Vancouver skateboarder Joe Buffalo wants to inspire a new generation of Indigenous skateboarders.

“That’s been like a dream of mine because I never had that growing up,” Buffalo told CBC’s the Early Edition. “I had to figure things out on my own. I just want to be the person that I always wanted.”

That’s a message he’ll deliver this weekend at All Aboard organized by the Vancouver Skateboard Coalition and Granville Island. The event will offer two days of skateboarding at a new indoor mini ramp, free lessons and other activities aimed at bringing Vancouver skateboarders together. 

On Saturday evening, Buffalo will be part of a panel discussion called Skateboarding With Intent to Change which will look at skateboarding’s impact on education, mental health and social awareness.

Buffalo is a member of the Samson Cree Nation and grew up in Maskwacis, Alberta. As a child, he spent five years at one of Canada’s last residential schools, an experience he describes as “really dark.”

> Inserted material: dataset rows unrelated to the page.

text \<open>\<open>strong = True\<close>: the J_{P(z)} are natural isomorphisms; \<open>strong = False\<close>: lax case.\<close>
definition is_vertex_tensor_functor ::
  "bool \<Rightarrow> ('o1, 'm1) vtc_data \<Rightarrow> ('o2, 'm2) vtc_data \<Rightarrow> ('o1 \<Rightarrow> 'o2) \<Rightarrow> ('m1 \<Rightarrow> 'm2)
    \<Rightarrow> (complex \<Rightarrow> 'o1 \<Rightarrow> 'o1 \<Rightarrow> 'm2) \<Rightarrow> 'm2 \<Rightarrow> bool" where
  "is_vertex_tensor_functor strong V1 V2 Fo Fm J \<phi> \<longleftrightarrow>
   (let C1 = VCat V1; C2 = VCat V2 in
     is_functor C1 C2 Fo Fm \<and>
     (\<forall>z. z \<noteq> 0 \<longrightarrow>
        (\<forall>A\<in>Ob C1. \<forall>B\<in>Ob C1.
           J z A B \<in> hom C2 (VTob V2 z (Fo A) (Fo B)) (Fo (VTob V1 z A B)) \<and>
           (strong \<longrightarrow> is_iso C2 (J z A B))) \<and>
        (\<forall>f\<in>Ar C1. \<forall>g\<in>Ar C1.
           Cmp C2 (Fm (VTar V1 z f g)) (J z (Dom C1 f) (Dom C1 g)) =
           Cmp C2 (J z (Cod C1 f) (Cod C1 g)) (VTar V2 z (Fm f) (Fm g)))) \<and>
     \<phi> \<in> hom C2 (VUnit V2) (Fo (VUnit V1)) \<and> is_iso C2 \<phi> \<and>
     (\<forall>\<gamma>. cpath \<gamma> \<longrightarrow> (\<forall>A\<in>Ob C1. \<forall>B\<in>Ob C1.
        Cmp C2 (J (pathfinish \<gamma>) A B) (VPar V2 \<gamma> (Fo A) (Fo B)) =
        Cmp C2 (Fm (VPar V1 \<gamma> A B)) (J (pathstart \<gamma>) A B))) \<and>
     (\<forall>z. z \<noteq> 0 \<longrightarrow> (\<forall>M\<in>Ob C1.
        Cmp C2 (Fm (VL V1 z M)) (Cmp C2 (J z (VUnit V1) M) (VTar V2 z \<phi> (Idm C2 (Fo M))))
          = VL V2 z (Fo M) \<and>
        Cmp C2 (Fm (VR V1 z M)) (Cmp C2 (J z M (VUnit V1)) (VTar V2 z (Idm C2 (Fo M)) \<phi>))
          = VR V2 z (Fo M))) \<and>
     (\<forall>z1 z2. assoc_dom z1 z2 \<longrightarrow> (\<forall>M1\<in>Ob C1. \<forall>M2\<in>Ob C1. \<forall>M3\<in>Ob C1.
        Cmp C2 (J z2 (VTob V1 (z1 - z2) M1 M2) M3)
          (Cmp C2 (VTar V2 z2 (J (z1 - z2) M1 M2) (Idm C2 (Fo M3)))
                  (VA V2 z1 z2 (Fo M1) (Fo M2) (Fo M3))) =
        Cmp C2 (Fm (VA V1 z1 z2 M1 M2 M3))
          (Cmp C2 (J z1 M1 (VTob V1 z2 M2 M3))
                  (VTar V2 z1 (Idm C2 (Fo M1)) (J z2 M2 M3))))) \<and>
     (\<forall>z. z \<noteq> 0 \<longrightarrow> (\<forall>M1\<in>Ob C1. \<forall>M2\<in>Ob C1.
        Cmp C2 (J (- z) M2 M1) (VB V2 z (Fo M1) (Fo M2)) =
        Cmp C2 (Fm (VB V1 z M1 M2)) (J z M1 M2))))"

record ('o, 'm) btc_data =
  BCat :: "('o, 'm) category"
  BTob :: "'o \<Rightarrow> 'o \<Rightarrow> 'o"
  BTar :: "'m \<Rightarrow> 'm \<Rightarrow> 'm"
  BUnit :: "'o"
  BL :: "'o \<Rightarrow> 'm"
  BR :: "'o \<Rightarrow> 'm"
  BA :: "'o \<Rightarrow> 'o \<Rightarrow> 'o \<Rightarrow> 'm"   (* W1 (x) (W2 (x) W3) -> (W1 (x) W2) (x) W3 *)
  BB :: "'o \<Rightarrow> 'o \<Rightarrow> 'm"

definition is_braided_tensor_functor ::
  "bool \<Rightarrow> ('o1, 'm1) btc_data \<Rightarrow> ('o2, 'm2) btc_data \<Rightarrow> ('o1 \<Rightarrow> 'o2) \<Rightarrow> ('m1 \<Rightarrow> 'm2)
    \<Rightarrow> ('o1 \<Rightarrow> 'o1 \<Rightarrow> 'm2) \<Rightarrow> 'm2 \<Rightarrow> bool" where
  "is_braided_tensor_functor strong B1 B2 Fo Fm J \<phi> \<longleftrightarrow>
   (let C1 = BCat B1; C2 = BCat B2 in
     is_functor C1 C2 Fo Fm \<and>
     (\<forall>A\<in>Ob C1. \<forall>B\<in>Ob C1.
        J A B \<in> hom C2 (BTob B2 (Fo A) (Fo B)) (Fo (BTob B1 A B)) \<and>
        (strong \<longrightarrow> is_iso C2 (J A B))) \<and>
     (\<forall>f\<in>Ar C1. \<forall>g\<in>Ar C1.
        Cmp C2 (Fm (BTar B1 f g)) (J (Dom C1 f) (Dom C1 g)) =
        Cmp C2 (J (Cod C1 f) (Cod C1 g)) (BTar B2 (Fm f) (Fm g))) \<and>
     \<phi> \<in> hom C2 (BUnit B2) (Fo (BUnit B1)) \<and> is_iso C2 \<phi> \<and>
     (\<forall>M\<in>Ob C1.
        Cmp C2 (Fm (BL B1 M)) (Cmp C2 (J (BUnit B1) M) (BTar B2 \<phi> (Idm C2 (Fo M))))
          = BL B2 (Fo M) \<and>
        Cmp C2 (Fm (BR B1 M)) (Cmp C2 (J M (BUnit B1)) (BTar B2 (Idm C2 (Fo M)) \<phi>))
          = BR B2 (Fo M)) \<and>
     (\<forall>M1\<in>Ob C1. \<forall>M2\<in>Ob C1. \<forall>M3\<in>Ob C1.
        Cmp C2 (J (BTob B1 M1 M2) M3)
          (Cmp C2 (BTar B2 (J M1 M2) (Idm C2 (Fo M3))) (BA B2 (Fo M1) (Fo M2) (Fo M3))) =
        Cmp C2 (Fm (BA B1 M1 M2 M3))
          (Cmp C2 (J M1 (BTob B1 M2 M3)) (BTar B2 (Idm C2 (Fo M1)) (J M2 M3)))) \<and>
     (\<forall>M1\<in>Ob C1. \<forall>M2\<in>Ob C1.
        Cmp C2 (J M2 M1) (BB B2 (Fo M1) (Fo M2)) = Cmp C2 (Fm (BB B1 M1 M2)) (J M1 M2)))"

text \<open>T_{z1 -> z2} for positive reals: the straight segment (stays on the positive real axis).\<close>
definition rpath :: "real \<Rightarrow> real \<Rightarrow> real \<Rightarrow> complex" where
  "rpath r s = linepath (complex_of_real r) (complex_of_real s)"

text \<open>T_{-1 -> 1}: a path from -1 to 1 not crossing the positive real axis
  (arg convention 0 <= arg < 2 pi): the upper unit semicircle, traversed clockwise.\<close>
definition minus_one_to_one :: "real \<Rightarrow> complex" where
  "minus_one_to_one t = exp (\<i> * complex_of_real (pi * (1 - t)))"

definition induced_assoc :: "('o, 'm) vtc_data \<Rightarrow> real \<Rightarrow> real \<Rightarrow> 'o \<Rightarrow> 'o \<Rightarrow> 'o \<Rightarrow> 'm" where
  "induced_assoc V r1 r2 W1 W2 W3 =
    (let C = VCat V in
     Cmp C (VPar V (rpath r2 1) (VTob V 1 W1 W2) W3)
      (Cmp C (VTar V (complex_of_real r2) (VPar V (rpath (r1 - r2) 1) W1 W2) (Idm C W3))
       (Cmp C (VA V (complex_of_real r1) (complex_of_real r2) W1 W2 W3)
        (Cmp C (VTar V (complex_of_real r1) (Idm C W1) (VPar V (rpath 1 r2) W2 W3))
               (VPar V (rpath 1 r1) W1 (VTob V 1 W2 W3))))))"

definition induced_btc :: "('o, 'm) vtc_data \<Rightarrow> real \<Rightarrow> real \<Rightarrow> ('o, 'm) btc_data" where
  "induced_btc V r1 r2 =
    \<lparr> BCat = VCat V, BTob = VTob V 1, BTar = VTar V 1, BUnit = VUnit V,
      BL = VL V 1, BR = VR V 1, BA = induced_assoc V r1 r2,
      BB = (\<lambda>W1 W2. Cmp (VCat V) (VPar V minus_one_to_one W2 W1) (VB V 1 W1 W2)) \<rparr>"

end

(* Every factor of the induced associativity and braiding isomorphisms (a parallel transport,
   a parallel transport tensored with an identity, an associativity isomorphism A_{P(z1,z2)} or a
   braiding R_{P(z)}) intertwines suitable composites of the maps J_{P(z)}.  For transports this
   follows from the compatibility of J with parallel transport together with the naturality of J
   and of the transports; for A and R it is an axiom of a vertex tensor functor.  Pasting these
   commutative squares along the composites that define the induced structure yields the
   associativity and braiding conditions for J_{P(1)}; the unit conditions are the instances
   z = 1 of the vertex tensor functor axioms. *)

theory Submission
  imports Defs
begin

lemma cpath_rpath:
  assumes "0 < a" "0 < b"
  shows "cpath (rpath a b)"
proof -
  have "(0::real) \<notin> closed_segment a b"
    using assms by (auto simp: closed_segment_eq_real_ivl split: if_splits)
  then have "(0::complex) \<notin> closed_segment (of_real a) (of_real b)"
    by (metis of_real_0 of_real_closed_segment)
  then show ?thesis
    unfolding cpath_def rpath_def by auto
qed

lemma rpath_ends [simp]:
  "pathstart (rpath a b) = of_real a" "pathfinish (rpath a b) = of_real b"
  by (simp_all add: rpath_def)

lemma cpath_minus_one_to_one: "cpath minus_one_to_one"
  unfolding cpath_def path_def path_image_def minus_one_to_one_def
  by (auto intro!: continuous_intros)

lemma minus_one_to_one_ends [simp]:
  "pathstart minus_one_to_one = -1" "pathfinish minus_one_to_one = 1"
  by (simp_all add: pathstart_def pathfinish_def minus_one_to_one_def)

lemma cpath_ends_nonzero [simp]:
  assumes "cpath \<gamma>"
  shows "pathstart \<gamma> \<noteq> 0" "pathfinish \<gamma> \<noteq> 0"
  using assms pathstart_in_path_image pathfinish_in_path_image unfolding cpath_def by blast+

lemma assoc_dom_nonzero:
  assumes "assoc_dom z1 z2"
  shows "z1 \<noteq> 0" "z2 \<noteq> 0" "z1 - z2 \<noteq> 0"
  using assms unfolding assoc_dom_def by auto

lemma assoc_dom_of_real:
  assumes "r2 < r1" "r1 - r2 < r2" "0 < r1 - r2"
  shows "assoc_dom (of_real r1) (of_real r2)"
  using assms unfolding assoc_dom_def by (simp flip: of_real_diff)

lemma hom_iff [simp]: "f \<in> hom C A B \<longleftrightarrow> f \<in> Ar C \<and> Dom C f = A \<and> Cod C f = B"
  by (simp add: hom_def)

locale category =
  fixes C :: "('o, 'm) category"
  assumes is_category: "is_category C"
begin

lemma Idm_hom: "A \<in> Ob C \<Longrightarrow> Idm C A \<in> hom C A A"
  using is_category unfolding is_category_def by auto

declare Idm_hom [unfolded hom_iff, simp]

context
  fixes f g
  assumes f: "f \<in> Ar C" and g: "g \<in> Ar C" and fg: "Cod C f = Dom C g"
begin

lemma Cmp_Ar [simp]: "Cmp C g f \<in> Ar C"
  and Dom_Cmp [simp]: "Dom C (Cmp C g f) = Dom C f"
  and Cod_Cmp [simp]: "Cod C (Cmp C g f) = Cod C g"
  using is_category f g fg unfolding is_category_def by auto

end

lemma Cmp_assoc:
  "\<lbrakk>f \<in> Ar C; g \<in> Ar C; h \<in> Ar C; Cod C f = Dom C g; Cod C g = Dom C h\<rbrakk>
    \<Longrightarrow> Cmp C h (Cmp C g f) = Cmp C (Cmp C h g) f"
  using is_category unfolding is_category_def by auto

Buffalo is working with Colonialism Skateboards which uses the art on boards to teach Indigenous history. (Maggie MacPherson/CBC)

He left the school at 14 and moved to Ottawa where he started getting skateboard sponsorships. Earlier this year, Buffalo went pro with Colonialism Skateboards, a Saskatchewan-based company that uses skateboard art to teach about the history and legacy of colonization.  

Everett Tetz, manager of community outreach for New Line Skateparks, helped organize Saturday evening’s panel. He said there’s a global movement of people using skateboarding for positive change with international events. 

Tetz said the accessibility of skateboarding makes it a good way to engage with young people. 

“We know there’s a lot of research behind exercise, physical activity in the brain and the connection to mental health,” he said. “And marginalized communities are coming together and empowering each other to create some of these positive changes.”

The panel also includes a social worker who is working in a clinical setting using skateboarding to heal the brain from childhood trauma, as well as speakers on gender and LGBTQ inclusion.  

Everett Tetz, manager of community outreach for New Line Skateparks, says there’s an international movement to use skateboarding for positive change. (Maggie MacPherson/CBC)

Tetz describes Buffalo as a “legend.”

“If you’ve skateboarded in Canada you know Joe, because you saw him skate at a park coming up and he’s just always been one of the most powerful, stylish skateboarders in Canada,” he said. 

For Buffalo, Saturday’s event is a way to educate people about Canada’s history and promote skateboarding as a positive outlet for young people. 

“It teaches you so much about just life in general. Persistence and perseverance. And that’s the vibe I like about it. There’s no wrong way of doing it. It’s just beautiful.” 

“I just want to show the kids that it you can make the right choices, that there’s hope,” he said.